* **TASK ITEM**: Here the job is to restate every entry word for word.
=== AVAILABLE RECORDS ===
lemma neumann_series:
  fixes T :: "'a::banach \<Rightarrow>\<^sub>L 'a"
  assumes "norm T < 1"
  shows "summable (opow T)"
    and "(id_blinfun - T) o\<^sub>L (\<Sum>n. opow T n) = id_blinfun"
    and "(\<Sum>n. opow T n) o\<^sub>L (id_blinfun - T) = id_blinfun"
proof -
  show summable: "summable (opow T)"
    by (rule summable_comparison_test[OF _ summable_geometric[of "norm T"]])
      (use assms norm_opow_le in auto)
  have "opow T \<longlonglongrightarrow> 0"
  proof (rule tendsto_norm_zero_cancel, rule Lim_null_comparison)
    show "\<forall>\<^sub>F n in sequentially. norm (norm (opow T n)) \<le> norm T ^ n"
      by (simp add: always_eventually norm_opow_le)
    show "(\<lambda>n. norm T ^ n) \<longlonglongrightarrow> 0"
      using assms by (simp add: LIMSEQ_power_zero)
  qed
  then have telescope: "(\<lambda>n. opow T n - opow T (Suc n)) sums id_blinfun"
    using telescope_sums' by fastforce
  have "(id_blinfun - T) o\<^sub>L opow T n = opow T n - opow T (Suc n)" for n
    by (auto simp: opow_Suc blinfun.bilinear_simps intro!: blinfun_eqI)
  moreover note bounded_linear.suminf[OF bounded_bilinear.bounded_linear_right
      [OF bounded_bilinear_blinfun_compose, of "id_blinfun - T"] summable]
  ultimately show "(id_blinfun - T) o\<^sub>L (\<Sum>n. opow T n) = id_blinfun"
    using telescope by (simp add: sums_iff)
  have "opow T n o\<^sub>L (id_blinfun - T) = opow T n - opow T (Suc n)" for n
    by (auto simp: opow_Suc' blinfun.bilinear_simps intro!: blinfun_eqI)
  moreover note bounded_linear.suminf[OF bounded_bilinear.bounded_linear_left
      [OF bounded_bilinear_blinfun_compose, of "id_blinfun - T"] summable]
  ultimately show "(\<Sum>n. opow T n) o\<^sub>L (id_blinfun - T) = id_blinfun"
    using telescope by (simp add: sums_iff)
qed
lemma hom_component:
  assumes V: "rational V" and j: "j < n"
  shows "hom V (Ws j) (\<lambda>v. component Ws n v j)"
proof -
  have sV: "subspace V" using rational_subspace[OF V] .
  have sW: "subspace (Ws i)" if "i < n" for i using rational_subspace[OF decomp_summand_rational[OF D that]] .
  have cV: "component Ws n v i \<in> V" if "v \<in> V" "i < n" for v i
    using decomp_summand_subset[OF D _ component_in] that by blast
  have add: "component Ws n (u + v) = (\<lambda>i. component Ws n u i + component Ws n v i)" if "u \<in> V" "v \<in> V" for u v
    using that subspace_add[OF sV] subspace_add[OF sW] component_in component_out component_sum
    by (intro component_eq) (simp_all add: sum.distrib)
  have scale: "component Ws n (smul c v) = (\<lambda>i. smul c (component Ws n v i))" if "v \<in> V" for c v
    using that subspace_scale[OF sV] subspace_scale[OF sW] component_in component_out component_sum
    by (intro component_eq) (simp_all add: scale_sum_right[symmetric])
  have op: "component Ws n (x v) = (\<lambda>i. x (component Ws n v i))"
    if x: "linear_into smul V V x" "\<And>i w. i < n \<Longrightarrow> w \<in> Ws i \<Longrightarrow> x w \<in> Ws i" and v: "v \<in> V" for x v
  proof (rule component_eq)
    show "x v \<in> V" using linear_intoD(1)[OF x(1) v] .
    show "\<forall>i<n. x (component Ws n v i) \<in> Ws i" using x(2) component_in[OF v] by simp
    show "\<forall>i\<ge>n. x (component Ws n v i) = 0" using component_out[OF v] linear_into_0[OF sV x(1)] by simp
    show "x v = (\<Sum>i<n. x (component Ws n v i))"
      using linear_into_sum[OF sV x(1), of "{..<n}" "component Ws n v"] cV[OF v] component_sum[OF v] by simp
  qed
  have closed: "\<And>i w. i < n \<Longrightarrow> w \<in> Ws i \<Longrightarrow> e w \<in> Ws i \<and> f w \<in> Ws i \<and> h w \<in> Ws i"
    using rational_closed[OF decomp_summand_rational[OF D]] by blast
  have L: "linear_into smul V V e" "linear_into smul V V f" "linear_into smul V V h"
    using sl2_module_linear(2-4)[OF rationalD(1)[OF V]] .
  show ?thesis
  proof (rule homI)
    show "linear_into smul V (Ws j) (\<lambda>v. component Ws n v j)"
      unfolding linear_into_def using component_in[OF _ j] add scale by simp
  qed (use op[OF L(1)] op[OF L(2)] op[OF L(3)] closed in auto)
qed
===
* **RESPONSE TO THIS TASK**:
lemma neumann_series:
  fixes T :: "'a::banach \<Rightarrow>\<^sub>L 'a"
  assumes "norm T < 1"
  shows "summable (opow T)"
    and "(id_blinfun - T) o\<^sub>L (\<Sum>n. opow T n) = id_blinfun"
    and "(\<Sum>n. opow T n) o\<^sub>L (id_blinfun - T) = id_blinfun"
proof -
  show summable: "summable (opow T)"
    by (rule summable_comparison_test[OF _ summable_geometric[of "norm T"]])
      (use assms norm_opow_le in auto)
  have "opow T \<longlonglongrightarrow> 0"
  proof (rule tendsto_norm_zero_cancel, rule Lim_null_comparison)
    show "\<forall>\<^sub>F n in sequentially. norm (norm (opow T n)) \<le> norm T ^ n"
      by (simp add: always_eventually norm_opow_le)
    show "(\<lambda>n. norm T ^ n) \<longlonglongrightarrow> 0"
      using assms by (simp add: LIMSEQ_power_zero)
  qed
  then have telescope: "(\<lambda>n. opow T n - opow T (Suc n)) sums id_blinfun"
    using telescope_sums' by fastforce
  have "(id_blinfun - T) o\<^sub>L opow T n = opow T n - opow T (Suc n)" for n
    by (auto simp: opow_Suc blinfun.bilinear_simps intro!: blinfun_eqI)
  moreover note bounded_linear.suminf[OF bounded_bilinear.bounded_linear_right
      [OF bounded_bilinear_blinfun_compose, of "id_blinfun - T"] summable]
  ultimately show "(id_blinfun - T) o\<^sub>L (\<Sum>n. opow T n) = id_blinfun"
    using telescope by (simp add: sums_iff)
  have "opow T n o\<^sub>L (id_blinfun - T) = opow T n - opow T (Suc n)" for n
    by (auto simp: opow_Suc' blinfun.bilinear_simps intro!: blinfun_eqI)
  moreover note bounded_linear.suminf[OF bounded_bilinear.bounded_linear_left
      [OF bounded_bilinear_blinfun_compose, of "id_blinfun - T"] summable]
  ultimately show "(\<Sum>n. opow T n) o\<^sub>L (id_blinfun - T) = id_blinfun"
    using telescope by (simp add: sums_iff)
qed
lemma hom_component:
  assumes V: "rational V" and j: "j < n"
  shows "hom V (Ws j) (\<lambda>v. component Ws n v j)"
proof -
  have sV: "subspace V" using rational_subspace[OF V] .
  have sW: "subspace (Ws i)" if "i < n" for i using rational_subspace[OF decomp_summand_rational[OF D that]] .
  have cV: "component Ws n v i \<in> V" if "v \<in> V" "i < n" for v i
    using decomp_summand_subset[OF D _ component_in] that by blast
  have add: "component Ws n (u + v) = (\<lambda>i. component Ws n u i + component Ws n v i)" if "u \<in> V" "v \<in> V" for u v
    using that subspace_add[OF sV] subspace_add[OF sW] component_in component_out component_sum
    by (intro component_eq) (simp_all add: sum.distrib)
  have scale: "component Ws n (smul c v) = (\<lambda>i. smul c (component Ws n v i))" if "v \<in> V" for c v
    using that subspace_scale[OF sV] subspace_scale[OF sW] component_in component_out component_sum
    by (intro component_eq) (simp_all add: scale_sum_right[symmetric])
  have op: "component Ws n (x v) = (\<lambda>i. x (component Ws n v i))"
    if x: "linear_into smul V V x" "\<And>i w. i < n \<Longrightarrow> w \<in> Ws i \<Longrightarrow> x w \<in> Ws i" and v: "v \<in> V" for x v
  proof (rule component_eq)
    show "x v \<in> V" using linear_intoD(1)[OF x(1) v] .
    show "\<forall>i<n. x (component Ws n v i) \<in> Ws i" using x(2) component_in[OF v] by simp
    show "\<forall>i\<ge>n. x (component Ws n v i) = 0" using component_out[OF v] linear_into_0[OF sV x(1)] by simp
    show "x v = (\<Sum>i<n. x (component Ws n v i))"
      using linear_into_sum[OF sV x(1), of "{..<n}" "component Ws n v"] cV[OF v] component_sum[OF v] by simp
  qed
  have closed: "\<And>i w. i < n \<Longrightarrow> w \<in> Ws i \<Longrightarrow> e w \<in> Ws i \<and> f w \<in> Ws i \<and> h w \<in> Ws i"
    using rational_closed[OF decomp_summand_rational[OF D]] by blast
  have L: "linear_into smul V V e" "linear_into smul V V f" "linear_into smul V V h"
    using sl2_module_linear(2-4)[OF rationalD(1)[OF V]] .
  show ?thesis
  proof (rule homI)
    show "linear_into smul V (Ws j) (\<lambda>v. component Ws n v j)"
      unfolding linear_into_def using component_in[OF _ j] add scale by simp
  qed (use op[OF L(1)] op[OF L(2)] op[OF L(3)] closed in auto)
qed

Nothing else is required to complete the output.